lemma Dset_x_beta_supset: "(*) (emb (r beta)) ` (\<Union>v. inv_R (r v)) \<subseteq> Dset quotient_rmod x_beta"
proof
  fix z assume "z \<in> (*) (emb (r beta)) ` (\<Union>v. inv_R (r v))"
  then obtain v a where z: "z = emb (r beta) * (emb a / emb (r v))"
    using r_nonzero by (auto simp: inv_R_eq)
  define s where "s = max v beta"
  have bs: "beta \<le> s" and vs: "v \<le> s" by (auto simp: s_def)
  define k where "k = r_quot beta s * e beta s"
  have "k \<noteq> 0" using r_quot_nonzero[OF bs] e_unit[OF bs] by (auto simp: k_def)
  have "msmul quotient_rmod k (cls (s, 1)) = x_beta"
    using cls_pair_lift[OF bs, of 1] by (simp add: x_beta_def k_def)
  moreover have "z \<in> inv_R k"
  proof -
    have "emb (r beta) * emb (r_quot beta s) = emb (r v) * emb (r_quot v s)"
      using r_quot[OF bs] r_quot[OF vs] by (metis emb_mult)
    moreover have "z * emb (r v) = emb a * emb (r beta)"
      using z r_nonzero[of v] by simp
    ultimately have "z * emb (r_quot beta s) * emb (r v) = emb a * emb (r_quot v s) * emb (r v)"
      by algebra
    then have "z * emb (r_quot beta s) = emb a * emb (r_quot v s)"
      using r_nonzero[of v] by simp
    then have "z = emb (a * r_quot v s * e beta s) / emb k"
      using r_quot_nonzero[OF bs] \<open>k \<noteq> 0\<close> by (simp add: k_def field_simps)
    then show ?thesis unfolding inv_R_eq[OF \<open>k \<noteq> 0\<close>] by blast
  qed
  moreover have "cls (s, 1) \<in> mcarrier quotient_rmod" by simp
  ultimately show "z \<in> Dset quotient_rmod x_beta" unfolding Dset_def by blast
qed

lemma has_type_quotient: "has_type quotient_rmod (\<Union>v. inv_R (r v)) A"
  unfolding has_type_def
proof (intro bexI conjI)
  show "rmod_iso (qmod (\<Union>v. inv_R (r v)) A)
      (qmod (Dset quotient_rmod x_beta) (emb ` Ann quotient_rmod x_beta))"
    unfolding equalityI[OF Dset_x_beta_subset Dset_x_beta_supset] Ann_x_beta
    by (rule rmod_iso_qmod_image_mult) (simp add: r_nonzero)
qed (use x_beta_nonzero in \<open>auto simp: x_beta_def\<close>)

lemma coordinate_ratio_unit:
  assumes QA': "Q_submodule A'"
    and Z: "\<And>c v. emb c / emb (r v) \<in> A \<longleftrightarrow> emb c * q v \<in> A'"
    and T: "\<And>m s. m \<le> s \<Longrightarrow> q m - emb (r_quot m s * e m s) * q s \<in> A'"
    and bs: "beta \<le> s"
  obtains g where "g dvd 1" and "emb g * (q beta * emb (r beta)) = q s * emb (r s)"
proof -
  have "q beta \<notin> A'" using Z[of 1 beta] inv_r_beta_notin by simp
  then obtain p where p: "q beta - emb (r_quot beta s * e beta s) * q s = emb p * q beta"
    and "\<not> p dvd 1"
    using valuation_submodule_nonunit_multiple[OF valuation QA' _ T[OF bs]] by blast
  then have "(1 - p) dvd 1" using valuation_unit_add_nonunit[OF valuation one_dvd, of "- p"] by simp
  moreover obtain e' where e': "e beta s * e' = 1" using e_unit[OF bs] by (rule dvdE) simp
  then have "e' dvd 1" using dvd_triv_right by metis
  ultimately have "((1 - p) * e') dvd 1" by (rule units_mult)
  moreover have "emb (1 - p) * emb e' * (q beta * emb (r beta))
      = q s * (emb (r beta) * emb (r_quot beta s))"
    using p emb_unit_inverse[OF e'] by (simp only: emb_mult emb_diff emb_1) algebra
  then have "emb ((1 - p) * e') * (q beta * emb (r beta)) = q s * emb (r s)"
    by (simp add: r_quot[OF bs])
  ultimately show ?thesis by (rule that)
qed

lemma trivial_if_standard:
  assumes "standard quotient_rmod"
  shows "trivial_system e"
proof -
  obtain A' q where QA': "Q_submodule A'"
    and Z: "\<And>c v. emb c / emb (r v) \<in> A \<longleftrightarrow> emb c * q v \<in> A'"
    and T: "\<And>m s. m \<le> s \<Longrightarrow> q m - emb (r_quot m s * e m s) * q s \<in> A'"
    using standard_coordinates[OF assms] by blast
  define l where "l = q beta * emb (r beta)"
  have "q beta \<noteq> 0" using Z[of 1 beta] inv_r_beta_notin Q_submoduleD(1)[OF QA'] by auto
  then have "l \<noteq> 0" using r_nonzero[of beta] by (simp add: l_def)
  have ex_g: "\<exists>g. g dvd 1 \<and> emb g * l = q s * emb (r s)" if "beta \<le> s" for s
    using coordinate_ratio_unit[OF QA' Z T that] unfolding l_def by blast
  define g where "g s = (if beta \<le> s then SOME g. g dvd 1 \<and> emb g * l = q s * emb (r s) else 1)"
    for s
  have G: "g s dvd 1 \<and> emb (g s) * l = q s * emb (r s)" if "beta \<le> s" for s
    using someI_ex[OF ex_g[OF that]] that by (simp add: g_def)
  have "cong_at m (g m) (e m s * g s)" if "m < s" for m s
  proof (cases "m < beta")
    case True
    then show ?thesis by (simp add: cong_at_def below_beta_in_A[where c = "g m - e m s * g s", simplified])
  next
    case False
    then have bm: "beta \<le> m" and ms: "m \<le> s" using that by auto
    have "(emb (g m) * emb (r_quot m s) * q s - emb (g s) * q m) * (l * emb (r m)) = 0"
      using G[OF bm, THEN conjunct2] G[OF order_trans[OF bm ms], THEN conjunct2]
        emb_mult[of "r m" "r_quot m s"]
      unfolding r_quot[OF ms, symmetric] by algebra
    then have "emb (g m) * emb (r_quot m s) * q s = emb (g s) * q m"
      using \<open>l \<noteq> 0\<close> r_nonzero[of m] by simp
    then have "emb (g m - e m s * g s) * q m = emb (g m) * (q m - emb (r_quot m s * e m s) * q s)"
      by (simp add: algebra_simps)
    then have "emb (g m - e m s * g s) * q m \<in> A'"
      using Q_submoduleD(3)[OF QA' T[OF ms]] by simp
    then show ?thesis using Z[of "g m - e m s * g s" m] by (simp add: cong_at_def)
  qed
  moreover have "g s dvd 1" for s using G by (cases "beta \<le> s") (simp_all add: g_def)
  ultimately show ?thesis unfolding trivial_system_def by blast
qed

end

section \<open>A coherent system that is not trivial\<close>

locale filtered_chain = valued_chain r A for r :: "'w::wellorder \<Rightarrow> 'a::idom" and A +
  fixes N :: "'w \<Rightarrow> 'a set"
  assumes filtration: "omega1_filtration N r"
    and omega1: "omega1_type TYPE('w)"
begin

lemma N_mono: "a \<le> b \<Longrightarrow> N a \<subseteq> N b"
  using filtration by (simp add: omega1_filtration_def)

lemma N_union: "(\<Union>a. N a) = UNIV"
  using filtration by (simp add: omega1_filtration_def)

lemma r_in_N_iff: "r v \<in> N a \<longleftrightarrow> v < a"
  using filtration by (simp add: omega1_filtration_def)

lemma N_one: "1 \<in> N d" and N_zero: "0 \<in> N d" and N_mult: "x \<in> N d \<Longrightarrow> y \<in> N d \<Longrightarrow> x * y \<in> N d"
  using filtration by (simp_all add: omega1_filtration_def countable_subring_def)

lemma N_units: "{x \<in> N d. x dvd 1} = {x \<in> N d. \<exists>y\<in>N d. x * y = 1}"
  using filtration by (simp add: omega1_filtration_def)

- - - - - - -

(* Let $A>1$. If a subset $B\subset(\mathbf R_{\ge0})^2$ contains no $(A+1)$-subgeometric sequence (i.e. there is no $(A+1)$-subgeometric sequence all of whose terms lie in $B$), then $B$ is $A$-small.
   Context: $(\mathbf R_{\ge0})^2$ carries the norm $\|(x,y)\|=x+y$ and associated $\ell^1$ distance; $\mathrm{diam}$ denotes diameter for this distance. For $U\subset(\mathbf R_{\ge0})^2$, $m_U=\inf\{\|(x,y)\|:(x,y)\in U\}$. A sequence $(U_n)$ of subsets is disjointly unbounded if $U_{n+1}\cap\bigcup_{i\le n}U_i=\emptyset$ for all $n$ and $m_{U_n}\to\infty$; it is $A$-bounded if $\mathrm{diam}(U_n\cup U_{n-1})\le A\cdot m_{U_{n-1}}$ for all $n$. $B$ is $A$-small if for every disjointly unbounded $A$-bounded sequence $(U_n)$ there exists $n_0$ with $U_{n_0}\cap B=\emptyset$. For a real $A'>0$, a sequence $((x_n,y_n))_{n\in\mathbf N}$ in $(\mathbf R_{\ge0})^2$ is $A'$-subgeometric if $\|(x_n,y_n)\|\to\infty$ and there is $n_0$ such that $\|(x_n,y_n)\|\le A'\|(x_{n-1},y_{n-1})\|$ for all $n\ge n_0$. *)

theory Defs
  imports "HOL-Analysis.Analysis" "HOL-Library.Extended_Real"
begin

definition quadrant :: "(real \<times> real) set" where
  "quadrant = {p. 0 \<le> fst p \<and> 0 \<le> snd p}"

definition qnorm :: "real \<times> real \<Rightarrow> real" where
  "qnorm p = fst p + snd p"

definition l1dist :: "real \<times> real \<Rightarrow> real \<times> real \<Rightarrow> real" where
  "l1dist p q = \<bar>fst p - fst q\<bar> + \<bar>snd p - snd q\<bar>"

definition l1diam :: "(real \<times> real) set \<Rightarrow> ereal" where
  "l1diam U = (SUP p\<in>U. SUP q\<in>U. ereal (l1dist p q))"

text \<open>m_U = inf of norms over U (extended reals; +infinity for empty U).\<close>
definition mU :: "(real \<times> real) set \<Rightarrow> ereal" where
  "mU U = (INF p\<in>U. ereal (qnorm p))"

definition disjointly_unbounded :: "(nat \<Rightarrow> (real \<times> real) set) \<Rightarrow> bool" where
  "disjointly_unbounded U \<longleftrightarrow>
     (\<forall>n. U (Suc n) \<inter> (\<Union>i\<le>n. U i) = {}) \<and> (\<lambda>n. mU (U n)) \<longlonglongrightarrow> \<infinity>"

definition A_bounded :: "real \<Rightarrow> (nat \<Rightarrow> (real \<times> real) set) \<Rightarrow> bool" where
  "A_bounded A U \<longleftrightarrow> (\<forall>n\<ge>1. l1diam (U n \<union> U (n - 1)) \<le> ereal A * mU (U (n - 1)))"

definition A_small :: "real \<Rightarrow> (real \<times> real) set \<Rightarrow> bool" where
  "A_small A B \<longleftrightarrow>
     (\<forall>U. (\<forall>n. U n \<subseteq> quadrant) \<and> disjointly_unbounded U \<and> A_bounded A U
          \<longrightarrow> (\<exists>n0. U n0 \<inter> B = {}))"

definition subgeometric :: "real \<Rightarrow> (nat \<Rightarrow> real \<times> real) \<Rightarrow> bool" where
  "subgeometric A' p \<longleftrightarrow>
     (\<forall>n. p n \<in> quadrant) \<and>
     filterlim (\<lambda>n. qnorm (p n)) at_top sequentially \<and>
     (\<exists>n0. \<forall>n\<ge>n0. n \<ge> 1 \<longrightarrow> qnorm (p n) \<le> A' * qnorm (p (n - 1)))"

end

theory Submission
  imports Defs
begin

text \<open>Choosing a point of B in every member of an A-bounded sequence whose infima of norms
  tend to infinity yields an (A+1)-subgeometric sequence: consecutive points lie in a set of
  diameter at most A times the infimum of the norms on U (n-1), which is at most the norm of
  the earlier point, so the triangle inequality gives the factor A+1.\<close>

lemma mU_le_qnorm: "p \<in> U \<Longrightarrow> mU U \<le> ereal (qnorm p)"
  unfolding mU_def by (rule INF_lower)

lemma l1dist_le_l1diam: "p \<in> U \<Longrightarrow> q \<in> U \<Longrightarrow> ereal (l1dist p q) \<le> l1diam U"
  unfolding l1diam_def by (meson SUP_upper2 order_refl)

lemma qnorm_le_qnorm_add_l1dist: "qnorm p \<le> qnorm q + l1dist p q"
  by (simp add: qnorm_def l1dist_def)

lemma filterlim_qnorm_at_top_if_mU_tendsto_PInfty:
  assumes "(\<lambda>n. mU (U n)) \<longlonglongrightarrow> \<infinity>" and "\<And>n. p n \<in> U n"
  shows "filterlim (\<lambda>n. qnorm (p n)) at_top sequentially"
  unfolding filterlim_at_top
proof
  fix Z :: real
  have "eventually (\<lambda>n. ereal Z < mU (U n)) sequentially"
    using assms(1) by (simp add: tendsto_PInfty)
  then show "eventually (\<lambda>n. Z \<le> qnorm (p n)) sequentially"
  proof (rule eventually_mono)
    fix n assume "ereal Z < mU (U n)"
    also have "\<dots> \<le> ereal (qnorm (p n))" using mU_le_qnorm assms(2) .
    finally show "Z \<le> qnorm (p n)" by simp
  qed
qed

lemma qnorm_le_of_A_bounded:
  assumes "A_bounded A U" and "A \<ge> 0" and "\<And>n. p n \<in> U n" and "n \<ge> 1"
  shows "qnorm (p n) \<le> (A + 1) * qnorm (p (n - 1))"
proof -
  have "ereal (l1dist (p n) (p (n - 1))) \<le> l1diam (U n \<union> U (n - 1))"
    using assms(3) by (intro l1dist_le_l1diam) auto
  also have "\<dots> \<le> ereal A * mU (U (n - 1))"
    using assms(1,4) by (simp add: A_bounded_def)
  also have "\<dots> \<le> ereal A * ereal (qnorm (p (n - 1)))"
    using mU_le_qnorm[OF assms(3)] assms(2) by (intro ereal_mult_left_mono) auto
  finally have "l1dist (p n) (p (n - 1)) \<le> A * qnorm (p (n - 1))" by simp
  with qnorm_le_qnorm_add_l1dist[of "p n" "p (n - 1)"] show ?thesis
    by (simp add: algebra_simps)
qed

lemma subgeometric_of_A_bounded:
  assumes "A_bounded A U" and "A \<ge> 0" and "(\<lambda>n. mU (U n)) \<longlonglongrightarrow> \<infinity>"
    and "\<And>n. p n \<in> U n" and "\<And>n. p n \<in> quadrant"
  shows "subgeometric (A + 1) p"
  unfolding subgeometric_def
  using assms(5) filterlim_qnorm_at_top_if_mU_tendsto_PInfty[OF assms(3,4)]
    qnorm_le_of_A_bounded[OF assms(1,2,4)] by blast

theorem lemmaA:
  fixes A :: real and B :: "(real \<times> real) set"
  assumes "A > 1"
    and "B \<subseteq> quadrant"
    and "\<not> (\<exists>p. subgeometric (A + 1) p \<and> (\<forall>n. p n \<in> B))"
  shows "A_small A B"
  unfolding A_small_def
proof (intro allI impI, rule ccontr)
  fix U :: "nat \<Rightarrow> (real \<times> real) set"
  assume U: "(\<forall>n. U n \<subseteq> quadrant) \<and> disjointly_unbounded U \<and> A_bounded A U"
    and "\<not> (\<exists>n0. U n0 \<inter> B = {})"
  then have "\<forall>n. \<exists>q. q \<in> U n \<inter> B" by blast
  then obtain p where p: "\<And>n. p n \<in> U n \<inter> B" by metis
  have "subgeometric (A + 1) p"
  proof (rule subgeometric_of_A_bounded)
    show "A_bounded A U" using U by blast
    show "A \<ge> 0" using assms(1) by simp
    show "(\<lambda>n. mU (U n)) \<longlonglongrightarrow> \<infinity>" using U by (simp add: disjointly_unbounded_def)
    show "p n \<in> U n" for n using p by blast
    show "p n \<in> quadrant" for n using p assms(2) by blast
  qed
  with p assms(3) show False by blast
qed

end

- - - - - - -

> TASK DIRECTIONS:
Could you reproduce, exactly, every line above from the line with "using valuation_submodule_nonunit_multiple[OF valuation" to the line with "using valuation_unit_add_nonunit[OF valuation", and no other line? Both ends count.

> ANSWER BOX:
    using valuation_submodule_nonunit_multiple[OF valuation QA' _ T[OF bs]] by blast
  then have "(1 - p) dvd 1" using valuation_unit_add_nonunit[OF valuation one_dvd, of "- p"] by simp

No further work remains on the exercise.